Here are the log entries below, filtered to keep the lines related to only one file (behaviour is same for all 4 of them).

[2023-02-06T15:55:57,189][TRACE][filewatch.discoverer     ][main][c2afb52b5a6598556fbbd090c79da9d9bb75d8cdf3f0d9ce66d4f16c163e157d] discover_files {:count=>4}
[2023-02-06T15:55:57,238][TRACE][filewatch.discoverer     ][main][c2afb52b5a6598556fbbd090c79da9d9bb75d8cdf3f0d9ce66d4f16c163e157d] handling: {:new_discovery=>true, :watched_file=>"<FileWatch::WatchedFile: @filename='updates.access.log.2023-01-30.gz', @state=:watched, @recent_states=[:watched], @bytes_read=0, @bytes_unread=0, current_size=424121, last_stat_size=424121, file_open?=false, @initial=true, sincedb_key='5769685 0 2305'>"}
[2023-02-06T15:55:57,239][TRACE][filewatch.sincedbcollection][main][c2afb52b5a6598556fbbd090c79da9d9bb75d8cdf3f0d9ce66d4f16c163e157d] associate: finding {:path=>"/tmp/access_logs/updates.access.log.2023-01-30.gz", :inode=>"5769685"}
[2023-02-06T15:55:57,239][TRACE][filewatch.sincedbcollection][main][c2afb52b5a6598556fbbd090c79da9d9bb75d8cdf3f0d9ce66d4f16c163e157d] associate: found sincedb record {:filename=>"updates.access.log.2023-01-30.gz", :sincedb_key=>#<struct FileWatch::InodeStruct inode="5769685", maj=0, min=2305>, :sincedb_value=>#<FileWatch::SincedbValue:0x5fdca3ba @last_changed_at=1675698022.247521, @path_in_sincedb="", @watched_file=nil, @position=424121>}
[2023-02-06T15:55:57,240][TRACE][filewatch.sincedbcollection][main][c2afb52b5a6598556fbbd090c79da9d9bb75d8cdf3f0d9ce66d4f16c163e157d] associate: matched but allocated to another {:filename=>"updates.access.log.2023-01-30.gz"}

[2023-02-06T15:56:22,514][TRACE][filewatch.readmode.handlers.readzipfile][main][c2afb52b5a6598556fbbd090c79da9d9bb75d8cdf3f0d9ce66d4f16c163e157d] handling: {:path=>"/tmp/access_logs/updates.access.log.2023-01-30.gz"}
[2023-02-06T15:56:22,515][TRACE][filewatch.readmode.handlers.readzipfile][main][c2afb52b5a6598556fbbd090c79da9d9bb75d8cdf3f0d9ce66d4f16c163e157d] add_new_value_sincedb_collection: {:path=>"/tmp/access_logs/updates.access.log.2023-01-30.gz", :position=>0}

[2023-02-06T15:56:45,907][TRACE][filewatch.sincedbcollection][main][c2afb52b5a6598556fbbd090c79da9d9bb75d8cdf3f0d9ce66d4f16c163e157d] sincedb_write: /var/tmp/sincedb (time = 2023-02-06 15:56:45 +0000)
[2023-02-06T15:56:45,907][TRACE][filewatch.sincedbcollection][main][c2afb52b5a6598556fbbd090c79da9d9bb75d8cdf3f0d9ce66d4f16c163e157d] non_atomic_write:  {:time=>2023-02-06 15:56:45 +0000}

That appears to be hitting something similar to this use case. Making the distinction between rotation and inode reuse without doing a checksum of the file each time it is read is probably impossible. The file input uses heuristics that almost always get it right for some use cases (like daily log files on a busy filesystem). This is not one of them.

1 Like

Thank you Badger. In the usecase you provided, the filename is changed.
What bothered me is that in our case, neither the filename or the inode changed.

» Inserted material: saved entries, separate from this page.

theorem mainTheorem2:
  fixes M :: "'w measure" and N :: "'s measure"
    and \<alpha> \<beta> :: real and L :: nat
    and X :: "int \<Rightarrow> 'w \<Rightarrow> src"
    and W :: "src \<Rightarrow> int \<Rightarrow> 'w \<Rightarrow> bool list"
    and S :: "int \<Rightarrow> 'w \<Rightarrow> 's"
    and F :: "int \<Rightarrow> src \<Rightarrow> src \<Rightarrow> qry \<Rightarrow> 's \<Rightarrow> qry"
    and Q :: "int \<Rightarrow> 'w \<Rightarrow> qry"
  assumes P: "prob_space M"
    and ab: "0 \<le> \<alpha>" "\<alpha> \<le> 1" "0 \<le> \<beta>" "\<beta> \<le> 1"
    and L: "L > 0"
    and X_meas: "\<And>t. X t \<in> M \<rightarrow>\<^sub>M count_space UNIV"
    and markov: "\<And>t (n::nat) (h::int \<Rightarrow> src) y.
        measure M {\<omega> \<in> space M. X (t + 1) \<omega> = y \<and> (\<forall>i\<in>{t - int n..t}. X i \<omega> = h i)}
        = trans_prob \<alpha> \<beta> (h t) y * measure M {\<omega> \<in> space M. \<forall>i\<in>{t - int n..t}. X i \<omega> = h i}"
    and nondeg: "\<And>t. 0 < measure M {\<omega> \<in> space M. X t \<omega> = SrcA}"
                "\<And>t. measure M {\<omega> \<in> space M. X t \<omega> = SrcA} < 1"
    and W_meas: "\<And>x t. W x t \<in> M \<rightarrow>\<^sub>M count_space UNIV"
    and W_unif: "\<And>x t. distr M (count_space UNIV) (W x t)
                       = measure_pmf (pmf_of_set {xs :: bool list. length xs = L})"
    and S_meas: "\<And>t. S t \<in> M \<rightarrow>\<^sub>M N"
    and indep: "model_indep M X N S W"
    and F_meas: "\<And>t x0 xt q. F t x0 xt q \<in> N \<rightarrow>\<^sub>M count_space UNIV"
    and F_law: "\<And>t x0 xt q q'. t \<ge> 1 \<Longrightarrow>
        measure M {\<omega> \<in> space M. F t x0 xt q (S t \<omega>) = q'} = scheme_kernel \<alpha> \<beta> t x0 xt q q'"
    and Q_init: "\<And>t \<omega>. t \<le> 0 \<Longrightarrow> Q t \<omega> = QAB"
    and Q_step: "\<And>t \<omega>. t \<ge> 1 \<Longrightarrow> Q t \<omega> = F t (X 0 \<omega>) (X t \<omega>) (Q (t - 1) \<omega>) (S t \<omega>)"
  shows "(\<forall>t \<ge> 1. measure M {\<omega> \<in> space M. Q t \<omega> = QAB} = \<bar>1 - \<alpha> - \<beta>\<bar> ^ nat t)
       \<and> (\<exists>dec :: src \<Rightarrow> qry \<Rightarrow> answer \<Rightarrow> bool list. \<forall>t.
            AE \<omega> in M. dec (X t \<omega>) (Q t \<omega>) (answer_of (Q t \<omega>) (W SrcA t \<omega>) (W SrcB t \<omega>))
                        = W (X t \<omega>) t \<omega>)
       \<and> (\<forall>t \<ge> 1. (\<integral>\<omega>. cost L (Q t \<omega>) \<partial>M) / real L = 1 + \<bar>1 - \<alpha> - \<beta>\<bar> ^ nat t)
       \<and> (\<forall>t \<le> 0. (\<integral>\<omega>. cost L (Q t \<omega>) \<partial>M) / real L = 2)"
proof -
  interpret ab_query_scheme M N \<alpha> \<beta> X S F Q
    by (intro ab_query_scheme.intro ab_query_scheme_axioms.intro P ab X_meas markov S_meas
        model_indep_requests_randomness[OF P indep] F_meas F_law Q_init Q_step)
  have QAB: "prob {\<omega> \<in> space M. Q t \<omega> = QAB} = \<bar>1 - \<alpha> - \<beta>\<bar> ^ nat t" if "t \<ge> 1" for t
    using prob_Q_QAB[of "nat t"] that by simp
  have decodable: "AE \<omega> in M. decode (X t \<omega>) (Q t \<omega>) (answer_of (Q t \<omega>) (W SrcA t \<omega>) (W SrcB t \<omega>))
                     = W (X t \<omega>) t \<omega>" for t
    using AE_Q_serves_request
    by eventually_elim (auto simp: decode_answer_of split: src.split)
  have cost: "(\<integral>\<omega>. cost L (Q t \<omega>) \<partial>M) / real L = 1 + prob {\<omega> \<in> space M. Q t \<omega> = QAB}" for t
    using expectation_cost[OF Q_measurable, of L t] L by (simp add: field_simps)
  have "prob {\<omega> \<in> space M. Q t \<omega> = QAB} = 1" if "t \<le> 0" for t
    using Q_init[OF that] by (simp add: prob_space)
  with QAB decodable cost show ?thesis
    by auto
qed
lemma cond_equiv_if_cond_literals_subset:
  assumes "mcs D" and "cond_literals G \<subseteq> D"
  shows "cond_equiv G D"
  unfolding cond_equiv_def
proof (intro allI iffI)
  fix a b
  show "TCond a b \<in> G \<Longrightarrow> TCond a b \<in> D"
    using assms(2) by (auto simp: cond_literals_def)
  show "TCond a b \<in> G" if "TCond a b \<in> D"
  proof (rule ccontr)
    assume "TCond a b \<notin> G"
    then have "TNot (TCond a b) \<in> D" using assms(2) by (auto simp: cond_literals_def)
    then show False using that mcs_TNot_iff[OF assms(1)] by blast
  qed
qed

lemma mcs_S5F_closed:
  assumes "mcs G" and "derives (cond_literals G) (emb c)"
  shows "TCond (PNot c) PBot \<in> G"
proof -
  obtain L where L: "set L \<subseteq> cond_literals G" "sbt_thm (foldr TImp L (emb c))"
    using assms(2) by (auto simp: derives_def)
  \<comment> \<open>S5F needs a nonempty list of literals; the theorem c \<rightsquigarrow> c serves as a harmless extra one.\<close>
  let ?ls = "TCond c c # L"
  have ls_in_G: "set ?ls \<subseteq> G"
    using L(1) cond_literals_subset_mcs[OF assms(1)] mcs_sbt_thm[OF assms(1) sbt_thm.refl] by auto
  have "\<forall>l\<in>set L. cond_literal l"
    using L(1) cond_literal_if_in_cond_literals by blast
  then have "\<forall>l\<in>set ?ls. cond_literal l" by (auto simp: cond_literal_def)
  moreover have "sbt_thm (TImp (tconj ?ls) (emb c))"
    using L(2) by (rule sbt_thm_taut_consequence[of "[_]", simplified]) auto
  ultimately have "sbt_thm (TImp (tconj ?ls) (TCond (PNot c) PBot))"
    by (intro sbt_thm.S5F) simp_all
  then have "sbt_thm (foldr TImp ?ls (TCond (PNot c) PBot))"
    by (rule sbt_thm_taut_consequence[of "[_]", simplified]) auto
  then have "derives G (TCond (PNot c) PBot)"
    using ls_in_G unfolding derives_def by blast
  then show ?thesis by (rule mcs_derives_closed[OF assms(1)])
qed

lemma cond_class_refutes:
  assumes "mcs G" and "TCond (PNot c) PBot \<notin> G"
  obtains D where "D \<in> cond_class G" and "emb c \<notin> D"
proof -
  have "\<not> derives (insert (TNot (emb c)) (cond_literals G)) TBot"
    using assms mcs_S5F_closed derives_reductio by blast
  then obtain D where D: "insert (TNot (emb c)) (cond_literals G) \<subseteq> D" "mcs D"
    by (rule lindenbaum)
  then have "D \<in> cond_class G"
    by (simp add: cond_class_def cond_equiv_if_cond_literals_subset)
  moreover have "emb c \<notin> D" using D by (simp add: mcs_TNot_iff)
  ultimately show thesis by (rule that)
qed

lemma pref_next_rank: "i \<in> {0, 1, 2} \<Longrightarrow> pref G (D', q, Suc i mod 3) (D, p, i)"
  by (elim insertE) auto

lemma pref_to_next_rank_iff:
  "i \<in> {0, 1, 2} \<Longrightarrow> pref G (D, p, i) (D', q, Suc i mod 3) \<longleftrightarrow> likely G p D \<and> emb p \<in> D'"
  by (elim insertE) auto

lemma maxel_ext_set_likely:
  assumes "(D, p, i) \<in> maxel G (ext_set G d)" and "D' \<in> cond_class G" and "emb d \<in> D'"
  shows "likely G p D \<and> emb p \<in> D'"
proof -
  have i: "i \<in> {0, 1, 2}"
    using assms(1) by (auto simp: maxel_def ext_set_def Sset_def)
  have "(D', d, Suc i mod 3) \<in> ext_set G d"
    using assms(2,3) by (auto simp: ext_set_def Sset_def)
  then have "pref G (D, p, i) (D', d, Suc i mod 3)"
    using assms(1) pref_next_rank[OF i] unfolding maxel_def by blast
  then show ?thesis using pref_to_next_rank_iff[OF i] by blast
qed

theorem lemma2:
  fixes G D :: "tform set" and d p :: pform and i :: nat
  assumes "mcs G"
    and "(D, p, i) \<in> maxel G (ext_set G d)"
  shows "likely G p D \<and> TCond (PNot (PImp d p)) PBot \<in> G"
proof
  have "D \<in> cond_class G" and "emb d \<in> D"
    using assms(2) by (auto simp: maxel_def ext_set_def Sset_def)
  then show "likely G p D"
    using maxel_ext_set_likely[OF assms(2)] by blast
  show "TCond (PNot (PImp d p)) PBot \<in> G"
  proof (rule ccontr)
    assume "TCond (PNot (PImp d p)) PBot \<notin> G"
    then obtain D' where D': "D' \<in> cond_class G" "emb (PImp d p) \<notin> D'"
      by (rule cond_class_refutes[OF assms(1)])
    then have "emb d \<in> D'" and "emb p \<notin> D'"
      by (auto simp: cond_class_def mcs_TImp_iff)
    then show False using maxel_ext_set_likely[OF assms(2) D'(1)] by blast
  qed
qed

end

We decided to add a fingerprint filter and to create the document_id on logstash side. That solves our issue, even if it looks like a workaround.

Filter section:

filter {
    fingerprint {
        source => ["a_timestamp", "some_other_field" ]
        target => "[@metadata][generated_id]"
        method => "SHA256"
        key => "some_random_key"
        concatenate_sources => true

Output section:

output {
    elasticsearch {
        document_id => "%{[@metadata][generated_id]}"

Note that a key is not required for SHA256. The documentation may suggest it is, but the code knows to create a digest if it does not have a key that allows it to create an HMAC.

This topic was automatically closed 28 days after the last reply. New replies are no longer allowed.